- Developer: Gaijin Games
- Publisher: Aksys Games (WiiWare) Gaijin Games (PC) QubicGames (Switch)
- Designer: Alex Neuse
- Series: Bit.Trip
- Platforms: Wii; Nintendo 3DS; Windows; OS X; Nintendo Switch;
- Release: WiiWareNA: July 6, 2009; JP: August 4, 2009; PAL: August 21, 2009; WiiNA: September 13, 2011; PAL: March 16, 2012; Nintendo 3DSNA: September 13, 2011; EU: March 16, 2012; JP: July 10, 2013; Windows, OS X WW: October 2, 2012; Nintendo SwitchWW: December 25, 2020;
- Genres: Action, Music
- Modes: Single-player, Multiplayer

= Bit.Trip Core =

2009 video game

Bit.Trip Core, marketed as BIT.TRIP CORE, is a 2009 arcade-style rhythm game developed by Gaijin Games and published by Aksys Games for the Wii's WiiWare download service. It is the second game in the Bit.Trip series, directly succeeding Bit.Trip Beat and preceding Bit.Trip Void, Bit.Trip Runner, Bit.Trip Fate and Bit.Trip Flux.

==Gameplay==

Bit.Trip Core is played with the Wii Remote controller held sideways. Players control the 'core', a plus-shaped ship located in the centre of the screen. The object of the game is to aim the core's lasers with the four directions on the D-Pad and fire the laser with the 2 Button in order to collect multi-colored dots known as 'beats'. There are three levels in total, named "Discovery", "Exploration" and "Control" respectively, each approximately 15 minutes in length. On the Steam version, players control the Core with the WASD keys and fire using ENTER.

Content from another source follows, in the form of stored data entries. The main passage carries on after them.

theorem lemma2p2:
  fixes n c :: nat
  assumes "1 \<le> c" and "c \<le> n"
  shows "(\<forall>i>0. koszul_homology_vanishes {c..n} Dop
              (Ecarrier n :: ((nat \<Rightarrow> nat) \<Rightarrow> 'k::field_char_0) set) i)
    \<and> (\<exists>\<phi> :: ((nat \<Rightarrow> nat) \<Rightarrow> 'k) \<Rightarrow> ((nat \<Rightarrow> nat) \<Rightarrow> 'k).
          (\<forall>f\<in>Ecarrier n. \<forall>g\<in>Ecarrier n. \<forall>a b.
              \<phi> (\<lambda>r. a * f r + b * g r) = (\<lambda>r. a * \<phi> f r + b * \<phi> g r))
        \<and> \<phi> ` Ecarrier n = Ecarrier (c - 1)
        \<and> {f\<in>Ecarrier n. \<phi> f = 0} = koszul_B0 {c..n} Dop (Ecarrier n)
        \<and> (\<forall>j\<in>{1..<c}. \<forall>f\<in>Ecarrier n.
              \<phi> (Xop j f) = Xop j (\<phi> f) \<and> \<phi> (Dop j f) = Dop j (\<phi> f)))"
proof (intro conjI allI impI exI[of _ "E_truncate c"])
  fix i :: nat assume "0 < i"
  then show "koszul_homology_vanishes {c..n} Dop (Ecarrier n :: ((nat \<Rightarrow> nat) \<Rightarrow> 'k) set) i"
    using assms(1) by (intro koszul_homology_vanishes_Ecarrier) auto
next
  show "\<forall>f\<in>Ecarrier n. \<forall>g\<in>Ecarrier n. \<forall>a b. E_truncate c (\<lambda>r. a * f r + b * g r) =
      (\<lambda>r. a * E_truncate c f r + b * E_truncate c g r :: 'k)"
    by (auto simp: E_truncate_def fun_eq_iff)
  show "E_truncate c ` Ecarrier n = (Ecarrier (c - 1) :: ((nat \<Rightarrow> nat) \<Rightarrow> 'k) set)"
    using assms(2) by (intro E_truncate_image) simp
  show "{f \<in> Ecarrier n. E_truncate c f = 0} = koszul_B0 {c..n} Dop (Ecarrier n :: ((nat \<Rightarrow> nat) \<Rightarrow> 'k) set)"
    by (rule koszul_B0_Ecarrier_eq_truncate_kernel[OF assms(1), symmetric])
  show "\<forall>j\<in>{1..<c}. \<forall>f\<in>Ecarrier n. E_truncate c (Xop j f) = Xop j (E_truncate c f)
      \<and> E_truncate c (Dop j f) = Dop j (E_truncate c (f :: (nat \<Rightarrow> nat) \<Rightarrow> 'k))"
    by (simp add: E_truncate_Xop E_truncate_Dop)
qed

end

As the player builds up a score multiplier by collecting beats in a row without missing, the game transitions into Mega and Super modes, making alterations to the level's graphics and music. In addition, bombs can be acquired and used with a press of the 1 Button, which is useful for clearing the screen of beats during difficult sections. If the player misses several beats, a Nether meter fills - this puts the game into a silent, black-and-white phase. This can be escaped from if the player collects beats, but further misses before escaping the Nether will result in a Game Over.

==Development==
Gaijin Games began development on Bit.Trip Core even before the release of Bit.Trip Beat. The game was inspired by Cosmic Ark, an Atari 2600 game that was a personal favourite of designer Alex Neuse. After going through several iterations of the game's design, which the team thought would be way too confusing, they settled on a system that shared some similarities with rhythm games such as Guitar Hero. Meanwhile, the controls were influenced by feedback from playtesters.

The game was later bundled with the other five Bit.Trip games as Bit.Trip Complete for the Wii in 2011. A Nintendo Switch port released on December 25, 2020.